### Exercise data

►

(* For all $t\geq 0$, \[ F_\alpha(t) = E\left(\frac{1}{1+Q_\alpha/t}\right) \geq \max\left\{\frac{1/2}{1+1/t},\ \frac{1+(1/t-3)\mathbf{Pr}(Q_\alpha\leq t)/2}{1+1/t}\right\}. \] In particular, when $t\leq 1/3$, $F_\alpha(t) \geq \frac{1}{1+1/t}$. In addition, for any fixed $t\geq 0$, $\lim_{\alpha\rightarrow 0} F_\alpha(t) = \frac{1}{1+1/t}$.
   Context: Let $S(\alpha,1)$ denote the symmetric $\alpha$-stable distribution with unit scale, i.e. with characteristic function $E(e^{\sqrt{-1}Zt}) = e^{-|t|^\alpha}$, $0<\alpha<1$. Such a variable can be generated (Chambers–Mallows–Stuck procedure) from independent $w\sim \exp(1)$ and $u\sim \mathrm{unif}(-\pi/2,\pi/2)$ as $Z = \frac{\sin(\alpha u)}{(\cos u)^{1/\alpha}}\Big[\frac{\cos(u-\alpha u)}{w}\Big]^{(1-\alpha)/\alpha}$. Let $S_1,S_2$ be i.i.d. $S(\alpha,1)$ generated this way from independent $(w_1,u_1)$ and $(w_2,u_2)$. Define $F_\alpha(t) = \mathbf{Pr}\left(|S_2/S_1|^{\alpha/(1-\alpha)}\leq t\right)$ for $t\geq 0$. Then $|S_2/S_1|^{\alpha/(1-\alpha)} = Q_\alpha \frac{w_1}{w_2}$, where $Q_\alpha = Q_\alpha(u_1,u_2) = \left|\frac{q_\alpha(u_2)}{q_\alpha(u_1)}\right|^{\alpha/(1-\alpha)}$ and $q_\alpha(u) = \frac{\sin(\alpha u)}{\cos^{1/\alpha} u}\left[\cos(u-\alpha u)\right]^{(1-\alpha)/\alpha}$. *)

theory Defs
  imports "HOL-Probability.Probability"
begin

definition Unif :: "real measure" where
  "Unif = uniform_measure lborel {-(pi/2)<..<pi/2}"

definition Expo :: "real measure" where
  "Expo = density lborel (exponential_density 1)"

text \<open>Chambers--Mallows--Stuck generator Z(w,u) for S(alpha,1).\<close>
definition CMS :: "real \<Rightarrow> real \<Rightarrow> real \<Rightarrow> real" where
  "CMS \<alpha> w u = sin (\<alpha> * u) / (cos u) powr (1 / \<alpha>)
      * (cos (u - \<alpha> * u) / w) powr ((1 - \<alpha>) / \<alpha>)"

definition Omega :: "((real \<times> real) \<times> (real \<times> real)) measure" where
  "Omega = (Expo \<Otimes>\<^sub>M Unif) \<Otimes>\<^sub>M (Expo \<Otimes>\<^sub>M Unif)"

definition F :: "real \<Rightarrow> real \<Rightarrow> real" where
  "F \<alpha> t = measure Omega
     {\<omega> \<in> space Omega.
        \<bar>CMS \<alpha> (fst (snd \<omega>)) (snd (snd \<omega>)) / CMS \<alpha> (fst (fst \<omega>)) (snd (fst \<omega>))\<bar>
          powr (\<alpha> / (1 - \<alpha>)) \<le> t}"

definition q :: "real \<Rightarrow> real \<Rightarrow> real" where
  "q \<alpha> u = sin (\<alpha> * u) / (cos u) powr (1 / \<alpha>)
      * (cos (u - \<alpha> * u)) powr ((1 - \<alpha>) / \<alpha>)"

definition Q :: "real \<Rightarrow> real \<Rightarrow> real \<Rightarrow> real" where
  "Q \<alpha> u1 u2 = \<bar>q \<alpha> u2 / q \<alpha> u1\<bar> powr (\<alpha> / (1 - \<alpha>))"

◄
►

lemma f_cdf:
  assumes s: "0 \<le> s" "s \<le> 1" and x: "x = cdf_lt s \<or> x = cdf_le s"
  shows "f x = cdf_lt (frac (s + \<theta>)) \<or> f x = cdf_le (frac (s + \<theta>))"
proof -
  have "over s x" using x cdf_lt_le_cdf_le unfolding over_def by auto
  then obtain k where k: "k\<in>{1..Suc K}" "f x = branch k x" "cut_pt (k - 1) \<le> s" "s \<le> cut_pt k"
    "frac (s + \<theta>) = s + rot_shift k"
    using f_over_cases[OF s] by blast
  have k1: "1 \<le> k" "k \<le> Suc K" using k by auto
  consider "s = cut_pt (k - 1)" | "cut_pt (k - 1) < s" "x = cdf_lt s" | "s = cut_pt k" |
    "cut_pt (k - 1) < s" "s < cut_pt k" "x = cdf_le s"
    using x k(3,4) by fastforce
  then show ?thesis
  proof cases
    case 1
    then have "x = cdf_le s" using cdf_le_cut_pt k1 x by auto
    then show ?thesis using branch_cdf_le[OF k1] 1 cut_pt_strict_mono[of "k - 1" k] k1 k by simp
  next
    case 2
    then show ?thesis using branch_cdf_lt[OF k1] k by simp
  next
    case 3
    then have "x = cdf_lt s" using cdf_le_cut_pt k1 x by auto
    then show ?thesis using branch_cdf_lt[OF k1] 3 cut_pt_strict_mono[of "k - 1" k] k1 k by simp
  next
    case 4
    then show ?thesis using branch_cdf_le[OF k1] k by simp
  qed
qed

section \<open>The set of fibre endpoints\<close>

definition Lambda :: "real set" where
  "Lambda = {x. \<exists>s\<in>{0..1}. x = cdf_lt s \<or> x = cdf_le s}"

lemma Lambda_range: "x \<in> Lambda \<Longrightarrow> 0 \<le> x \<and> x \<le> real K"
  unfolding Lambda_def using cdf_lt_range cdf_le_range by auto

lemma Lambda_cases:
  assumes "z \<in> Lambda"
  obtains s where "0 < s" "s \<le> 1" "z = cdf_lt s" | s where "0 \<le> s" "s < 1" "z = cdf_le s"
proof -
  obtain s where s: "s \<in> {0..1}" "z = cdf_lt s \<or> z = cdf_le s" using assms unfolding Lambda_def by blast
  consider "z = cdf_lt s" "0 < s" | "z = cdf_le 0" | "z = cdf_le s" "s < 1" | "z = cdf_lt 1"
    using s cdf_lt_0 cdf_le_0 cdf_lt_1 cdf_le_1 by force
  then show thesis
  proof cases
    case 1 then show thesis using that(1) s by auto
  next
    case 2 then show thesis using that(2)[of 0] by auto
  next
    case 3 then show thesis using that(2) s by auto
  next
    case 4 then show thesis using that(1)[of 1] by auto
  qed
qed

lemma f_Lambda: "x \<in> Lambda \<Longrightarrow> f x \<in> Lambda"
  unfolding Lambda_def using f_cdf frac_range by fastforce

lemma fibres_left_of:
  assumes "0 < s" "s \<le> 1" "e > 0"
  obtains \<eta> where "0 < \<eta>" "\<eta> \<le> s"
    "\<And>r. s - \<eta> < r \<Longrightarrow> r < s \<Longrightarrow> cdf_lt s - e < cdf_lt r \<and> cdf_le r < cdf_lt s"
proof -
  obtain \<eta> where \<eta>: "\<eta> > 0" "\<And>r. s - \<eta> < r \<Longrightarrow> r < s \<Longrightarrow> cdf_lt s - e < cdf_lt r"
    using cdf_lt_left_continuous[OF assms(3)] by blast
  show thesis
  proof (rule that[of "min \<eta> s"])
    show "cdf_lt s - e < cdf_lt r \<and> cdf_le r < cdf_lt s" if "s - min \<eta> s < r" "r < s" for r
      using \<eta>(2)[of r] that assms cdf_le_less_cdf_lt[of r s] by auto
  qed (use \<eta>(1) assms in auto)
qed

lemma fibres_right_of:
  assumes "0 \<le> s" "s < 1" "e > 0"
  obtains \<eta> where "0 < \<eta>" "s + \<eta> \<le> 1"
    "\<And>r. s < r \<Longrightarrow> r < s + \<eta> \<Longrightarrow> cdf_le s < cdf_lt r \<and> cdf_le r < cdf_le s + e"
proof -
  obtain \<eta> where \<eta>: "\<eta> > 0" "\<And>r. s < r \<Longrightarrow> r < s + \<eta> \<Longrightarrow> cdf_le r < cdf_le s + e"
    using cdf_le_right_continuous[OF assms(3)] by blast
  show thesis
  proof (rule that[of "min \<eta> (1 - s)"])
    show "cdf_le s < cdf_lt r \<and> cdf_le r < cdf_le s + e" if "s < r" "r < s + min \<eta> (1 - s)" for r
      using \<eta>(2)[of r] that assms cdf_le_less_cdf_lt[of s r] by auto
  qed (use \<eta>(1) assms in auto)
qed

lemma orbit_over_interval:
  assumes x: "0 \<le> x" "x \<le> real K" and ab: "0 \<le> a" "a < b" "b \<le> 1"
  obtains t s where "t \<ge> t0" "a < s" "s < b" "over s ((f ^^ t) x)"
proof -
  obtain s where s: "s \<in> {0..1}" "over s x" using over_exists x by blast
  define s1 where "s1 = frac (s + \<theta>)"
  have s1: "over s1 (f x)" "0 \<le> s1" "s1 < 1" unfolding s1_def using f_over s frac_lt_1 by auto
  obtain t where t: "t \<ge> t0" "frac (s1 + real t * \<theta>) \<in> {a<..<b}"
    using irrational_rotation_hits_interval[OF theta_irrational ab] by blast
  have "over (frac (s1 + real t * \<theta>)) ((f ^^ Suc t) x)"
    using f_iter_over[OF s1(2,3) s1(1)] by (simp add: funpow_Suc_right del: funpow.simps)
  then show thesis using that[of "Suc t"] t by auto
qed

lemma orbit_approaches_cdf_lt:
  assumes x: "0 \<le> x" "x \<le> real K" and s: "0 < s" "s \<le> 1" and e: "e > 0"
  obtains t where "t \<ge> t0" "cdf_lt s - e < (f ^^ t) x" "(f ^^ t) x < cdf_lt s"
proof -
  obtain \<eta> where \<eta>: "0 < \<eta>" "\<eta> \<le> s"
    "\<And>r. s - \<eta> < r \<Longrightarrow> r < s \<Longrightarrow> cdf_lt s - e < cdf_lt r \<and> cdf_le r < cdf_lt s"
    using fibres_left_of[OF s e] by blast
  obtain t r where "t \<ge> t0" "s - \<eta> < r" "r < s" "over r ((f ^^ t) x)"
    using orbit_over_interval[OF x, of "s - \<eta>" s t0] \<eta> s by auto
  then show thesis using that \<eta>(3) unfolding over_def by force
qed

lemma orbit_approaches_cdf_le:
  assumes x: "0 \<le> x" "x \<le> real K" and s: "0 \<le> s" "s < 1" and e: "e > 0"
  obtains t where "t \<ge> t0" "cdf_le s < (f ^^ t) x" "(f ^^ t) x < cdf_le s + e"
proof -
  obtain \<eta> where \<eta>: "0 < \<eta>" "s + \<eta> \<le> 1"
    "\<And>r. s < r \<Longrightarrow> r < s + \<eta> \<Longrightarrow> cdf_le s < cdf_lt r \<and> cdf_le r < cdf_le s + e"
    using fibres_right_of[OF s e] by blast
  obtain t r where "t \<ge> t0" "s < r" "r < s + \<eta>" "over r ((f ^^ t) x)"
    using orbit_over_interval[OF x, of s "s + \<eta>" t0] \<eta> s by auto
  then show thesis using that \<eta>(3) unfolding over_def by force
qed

◄
►

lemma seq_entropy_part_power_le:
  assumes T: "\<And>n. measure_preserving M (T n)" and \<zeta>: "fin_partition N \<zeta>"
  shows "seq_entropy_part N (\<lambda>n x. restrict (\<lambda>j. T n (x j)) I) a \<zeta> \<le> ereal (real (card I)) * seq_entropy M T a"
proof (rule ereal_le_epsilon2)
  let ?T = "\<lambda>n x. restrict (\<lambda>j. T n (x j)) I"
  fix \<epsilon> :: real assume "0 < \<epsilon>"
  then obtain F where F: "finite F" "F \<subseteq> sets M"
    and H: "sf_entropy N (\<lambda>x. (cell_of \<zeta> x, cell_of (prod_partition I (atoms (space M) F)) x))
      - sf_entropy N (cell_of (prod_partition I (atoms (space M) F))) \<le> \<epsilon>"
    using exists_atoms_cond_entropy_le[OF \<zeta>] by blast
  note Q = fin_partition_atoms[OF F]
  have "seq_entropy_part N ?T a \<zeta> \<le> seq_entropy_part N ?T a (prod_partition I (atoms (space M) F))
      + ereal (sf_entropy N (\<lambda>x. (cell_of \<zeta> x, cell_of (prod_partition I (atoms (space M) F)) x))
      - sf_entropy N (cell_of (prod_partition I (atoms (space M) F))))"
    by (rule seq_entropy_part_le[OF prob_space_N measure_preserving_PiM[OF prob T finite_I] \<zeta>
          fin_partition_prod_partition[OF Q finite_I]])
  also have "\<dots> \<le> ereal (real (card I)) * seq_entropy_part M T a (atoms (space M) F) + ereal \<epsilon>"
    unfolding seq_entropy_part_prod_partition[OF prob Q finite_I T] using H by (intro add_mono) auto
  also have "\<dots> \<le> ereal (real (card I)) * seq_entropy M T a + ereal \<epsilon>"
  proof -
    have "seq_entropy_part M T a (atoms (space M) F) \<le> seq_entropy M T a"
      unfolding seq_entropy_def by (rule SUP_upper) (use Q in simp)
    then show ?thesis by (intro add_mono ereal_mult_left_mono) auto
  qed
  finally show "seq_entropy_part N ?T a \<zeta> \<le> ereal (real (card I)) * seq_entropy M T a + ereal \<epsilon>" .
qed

◄

### Task brief
Would you please repeat exactly the lines above, starting at the line with "(* For all $t\geq" and stopping at the line with "Unif) \<Otimes>\<^sub>M (Expo", both included?

### Answer for this exercise
(* For all $t\geq 0$, \[ F_\alpha(t) = E\left(\frac{1}{1+Q_\alpha/t}\right) \geq \max\left\{\frac{1/2}{1+1/t},\ \frac{1+(1/t-3)\mathbf{Pr}(Q_\alpha\leq t)/2}{1+1/t}\right\}. \] In particular, when $t\leq 1/3$, $F_\alpha(t) \geq \frac{1}{1+1/t}$. In addition, for any fixed $t\geq 0$, $\lim_{\alpha\rightarrow 0} F_\alpha(t) = \frac{1}{1+1/t}$.
   Context: Let $S(\alpha,1)$ denote the symmetric $\alpha$-stable distribution with unit scale, i.e. with characteristic function $E(e^{\sqrt{-1}Zt}) = e^{-|t|^\alpha}$, $0<\alpha<1$. Such a variable can be generated (Chambers–Mallows–Stuck procedure) from independent $w\sim \exp(1)$ and $u\sim \mathrm{unif}(-\pi/2,\pi/2)$ as $Z = \frac{\sin(\alpha u)}{(\cos u)^{1/\alpha}}\Big[\frac{\cos(u-\alpha u)}{w}\Big]^{(1-\alpha)/\alpha}$. Let $S_1,S_2$ be i.i.d. $S(\alpha,1)$ generated this way from independent $(w_1,u_1)$ and $(w_2,u_2)$. Define $F_\alpha(t) = \mathbf{Pr}\left(|S_2/S_1|^{\alpha/(1-\alpha)}\leq t\right)$ for $t\geq 0$. Then $|S_2/S_1|^{\alpha/(1-\alpha)} = Q_\alpha \frac{w_1}{w_2}$, where $Q_\alpha = Q_\alpha(u_1,u_2) = \left|\frac{q_\alpha(u_2)}{q_\alpha(u_1)}\right|^{\alpha/(1-\alpha)}$ and $q_\alpha(u) = \frac{\sin(\alpha u)}{\cos^{1/\alpha} u}\left[\cos(u-\alpha u)\right]^{(1-\alpha)/\alpha}$. *)

theory Defs
  imports "HOL-Probability.Probability"
begin

definition Unif :: "real measure" where
  "Unif = uniform_measure lborel {-(pi/2)<..<pi/2}"

definition Expo :: "real measure" where
  "Expo = density lborel (exponential_density 1)"

text \<open>Chambers--Mallows--Stuck generator Z(w,u) for S(alpha,1).\<close>
definition CMS :: "real \<Rightarrow> real \<Rightarrow> real \<Rightarrow> real" where
  "CMS \<alpha> w u = sin (\<alpha> * u) / (cos u) powr (1 / \<alpha>)
      * (cos (u - \<alpha> * u) / w) powr ((1 - \<alpha>) / \<alpha>)"

definition Omega :: "((real \<times> real) \<times> (real \<times> real)) measure" where
  "Omega = (Expo \<Otimes>\<^sub>M Unif) \<Otimes>\<^sub>M (Expo \<Otimes>\<^sub>M Unif)"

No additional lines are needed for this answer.